Making the decision to dismiss an employee can be especially difficult if you are unsure of the provisions of local employment law. At TWS Legal Consultants, we have been advising and representing UAE businesses on dismissals for over ten years.
Our multi-lingual employment lawyers will advise and guide you on the key provisions of Federal Law No.8 of 1980, otherwise known as the UAE Labour Law, on the termination of both limited and unlimited term contracts.
Our lawyers are registered with the UK Solicitors Regulation Authority (SRA) and the Dubai Legal Affairs Department, and have vast experience of UAE Labour matters.
Can an employee be terminated without notice?
Under Articles 88 and 120 of the Labour Law, an employee may be dismissed without notice if they:
- submit false certificates or documents or falsify their nationality
- are dismissed during or at the end of their probation period
- cause substantial material loss to their employer (provided this is reported to the Labour Department within 48 hours)
- commit a serious health and safety offence or disobey safety instructions (provided they are clearly visible and communicated)

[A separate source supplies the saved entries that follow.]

lemma star_pair_pmul_distinct_cong:
  assumes P: "star_pair a P P'" and Q: "star_pair b Q Q'" and "a \<noteq> b"
  shows "pmul Q' P' \<approx> - pmul P Q"
proof -
  note hom = star_pair_homogeneous(1)[OF P] star_pair_homogeneous(1)[OF Q]
  consider "a = 0" "b \<noteq> 0" | "a \<noteq> 0" "b = 0" | "a \<noteq> 0" "b \<noteq> 0" using \<open>a \<noteq> b\<close> by blast
  then show ?thesis
  proof cases
    case 1
    have "pmul Q' P' \<approx> pmul (- Q) P'" by (rule cong_I_pmul_left, rule star_pair_nonzero_cong[OF Q 1(2)])
    also have "\<dots> = - pmul Q P'" by (simp add: pmul_minus_left)
    also have "\<dots> \<approx> - pmul P Q"
      using star_pair_pmul_right_cong[OF P hom(2) 1(2)] 1 by (simp add: cong_I_uminus cong_I_sym)
    finally show ?thesis .
  next
    case 2
    have "pmul Q' P' \<approx> pmul Q' (- P)" by (rule cong_I_pmul_right, rule star_pair_nonzero_cong[OF P 2(1)])
    also have "\<dots> = - pmul Q' P" by (simp add: pmul_minus_right)
    also have "\<dots> \<approx> - pmul P Q"
      using twisted_centralD(2)[OF star_pair_zero_twisted_central[OF Q 2(2)] hom(1) 2(1)]
      by (simp add: cong_I_uminus cong_I_sym)
    finally show ?thesis .
  next
    case 3
    have "pmul Q' P' \<approx> pmul (- Q) (- P)"
      using star_pair_nonzero_cong[OF Q 3(2)] star_pair_nonzero_cong[OF P 3(1)] by (rule cong_I_pmul)
    also have "\<dots> = pmul Q P" by (simp add: pmul_minus_left pmul_minus_right)
    also have "\<dots> \<approx> - pmul P Q" using jordan_cong[OF hom(2,1)] 3 \<open>a \<noteq> b\<close> by simp
    finally show ?thesis .
  qed
qed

- fail to perform their basic duties and persist in this failure despite a formal investigation and warning being given
- breach confidentiality
- are awarded a final judgement by a competent court in respect of an offence prejudicing honour, honesty, or public morals
- are discovered to be under the influence of alcohol and/or illegal drugs at work
- assault someone at work
- are absent without lawful excuse for more than 20 intermittent days or more than seven successive days over one year
What are the differences between terminating an employee under a limited or unlimited contract?
An employer can terminate a limited contract immediately if they can prove any of the instances under Article 88 and 120 of the Labour Law have occurred. Otherwise a limited contract may not be terminated until the expiration of the contract. If the employer chooses to terminate for reasons not listed in the above articles, an employer could be liable for arbitrary dismissal.
In the case of an unlimited contract, breaches of the gross misconduct provisions under Articles 88 and 120 can allow for summary dismissal without notice and without end of service payment. Furthermore, an employer may terminate an employee with notice as per their contract (minimum of 30 days and maximum three months) for a ‘valid reason’. Although ‘valid reason’ is not defined, it encompasses matters such as poor performance and misconduct.